### WHAT YOU HAVE TO DO
Looking at the records below, say how many lines include "open", and add nothing else.

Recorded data
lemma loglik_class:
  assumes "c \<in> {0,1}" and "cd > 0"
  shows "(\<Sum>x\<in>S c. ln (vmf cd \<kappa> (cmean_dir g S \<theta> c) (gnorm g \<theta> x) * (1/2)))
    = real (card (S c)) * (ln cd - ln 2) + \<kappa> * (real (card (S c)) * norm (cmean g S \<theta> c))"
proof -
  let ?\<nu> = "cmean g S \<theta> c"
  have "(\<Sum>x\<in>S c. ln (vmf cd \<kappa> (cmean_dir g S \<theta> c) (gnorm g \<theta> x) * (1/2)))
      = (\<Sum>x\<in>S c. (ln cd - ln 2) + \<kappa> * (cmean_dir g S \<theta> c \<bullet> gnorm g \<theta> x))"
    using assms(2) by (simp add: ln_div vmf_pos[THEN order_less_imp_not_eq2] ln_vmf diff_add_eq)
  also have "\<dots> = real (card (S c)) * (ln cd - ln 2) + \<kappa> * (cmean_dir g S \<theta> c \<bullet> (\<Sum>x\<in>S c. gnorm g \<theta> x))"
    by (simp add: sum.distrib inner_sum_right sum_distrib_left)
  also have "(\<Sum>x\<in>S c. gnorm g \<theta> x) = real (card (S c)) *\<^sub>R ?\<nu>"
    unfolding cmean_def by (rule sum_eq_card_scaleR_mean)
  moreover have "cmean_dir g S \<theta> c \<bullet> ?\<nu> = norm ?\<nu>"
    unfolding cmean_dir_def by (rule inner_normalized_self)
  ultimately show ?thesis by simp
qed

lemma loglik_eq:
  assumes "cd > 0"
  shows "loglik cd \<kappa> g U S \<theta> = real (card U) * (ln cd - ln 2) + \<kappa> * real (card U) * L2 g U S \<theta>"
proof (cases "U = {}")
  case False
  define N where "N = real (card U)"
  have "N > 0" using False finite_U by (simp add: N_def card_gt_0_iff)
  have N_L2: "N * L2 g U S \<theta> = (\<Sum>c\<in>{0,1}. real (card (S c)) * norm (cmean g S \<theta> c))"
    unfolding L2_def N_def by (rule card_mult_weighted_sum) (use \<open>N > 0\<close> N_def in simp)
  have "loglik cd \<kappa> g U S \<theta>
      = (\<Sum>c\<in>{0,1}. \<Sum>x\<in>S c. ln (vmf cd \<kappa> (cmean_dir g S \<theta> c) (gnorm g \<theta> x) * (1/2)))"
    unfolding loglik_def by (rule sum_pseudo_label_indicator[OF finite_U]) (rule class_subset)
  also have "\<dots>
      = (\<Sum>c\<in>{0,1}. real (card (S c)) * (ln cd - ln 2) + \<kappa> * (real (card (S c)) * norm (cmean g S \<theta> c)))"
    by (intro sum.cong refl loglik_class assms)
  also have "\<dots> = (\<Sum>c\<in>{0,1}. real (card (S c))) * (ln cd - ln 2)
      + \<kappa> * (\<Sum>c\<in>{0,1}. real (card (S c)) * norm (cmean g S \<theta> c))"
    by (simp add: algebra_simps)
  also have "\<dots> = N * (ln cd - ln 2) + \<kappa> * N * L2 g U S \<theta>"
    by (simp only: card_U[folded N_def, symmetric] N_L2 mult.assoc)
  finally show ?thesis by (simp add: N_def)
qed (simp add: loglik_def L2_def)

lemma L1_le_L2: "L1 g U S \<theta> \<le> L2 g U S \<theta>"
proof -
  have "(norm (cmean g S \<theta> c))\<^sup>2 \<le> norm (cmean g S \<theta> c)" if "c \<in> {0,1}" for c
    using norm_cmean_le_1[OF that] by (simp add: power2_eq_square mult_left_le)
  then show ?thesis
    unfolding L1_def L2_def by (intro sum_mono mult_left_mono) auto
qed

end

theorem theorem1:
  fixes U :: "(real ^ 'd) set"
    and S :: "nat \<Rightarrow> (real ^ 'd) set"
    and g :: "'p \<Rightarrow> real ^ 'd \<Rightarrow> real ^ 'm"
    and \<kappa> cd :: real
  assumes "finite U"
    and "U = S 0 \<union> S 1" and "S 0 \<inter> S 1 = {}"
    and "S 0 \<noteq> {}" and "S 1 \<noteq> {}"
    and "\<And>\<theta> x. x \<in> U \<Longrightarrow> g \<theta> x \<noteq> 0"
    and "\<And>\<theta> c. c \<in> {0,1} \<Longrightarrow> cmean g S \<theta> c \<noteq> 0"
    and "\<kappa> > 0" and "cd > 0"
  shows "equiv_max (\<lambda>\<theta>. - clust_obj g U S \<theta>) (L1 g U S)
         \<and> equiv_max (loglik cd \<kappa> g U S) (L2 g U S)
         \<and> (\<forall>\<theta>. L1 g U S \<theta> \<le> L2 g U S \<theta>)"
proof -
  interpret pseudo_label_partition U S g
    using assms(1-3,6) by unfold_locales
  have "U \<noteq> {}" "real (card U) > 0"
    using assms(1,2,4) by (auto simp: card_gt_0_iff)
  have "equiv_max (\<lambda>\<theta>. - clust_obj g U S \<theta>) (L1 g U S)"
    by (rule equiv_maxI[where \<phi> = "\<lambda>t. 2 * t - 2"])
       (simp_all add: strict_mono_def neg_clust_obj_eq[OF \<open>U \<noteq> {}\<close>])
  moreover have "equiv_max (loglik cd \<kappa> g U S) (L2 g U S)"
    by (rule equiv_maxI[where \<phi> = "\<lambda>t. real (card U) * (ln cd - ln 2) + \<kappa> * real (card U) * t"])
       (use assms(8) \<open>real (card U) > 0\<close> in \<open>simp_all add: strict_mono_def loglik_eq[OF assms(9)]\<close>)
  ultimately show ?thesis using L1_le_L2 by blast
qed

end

### RESULT
3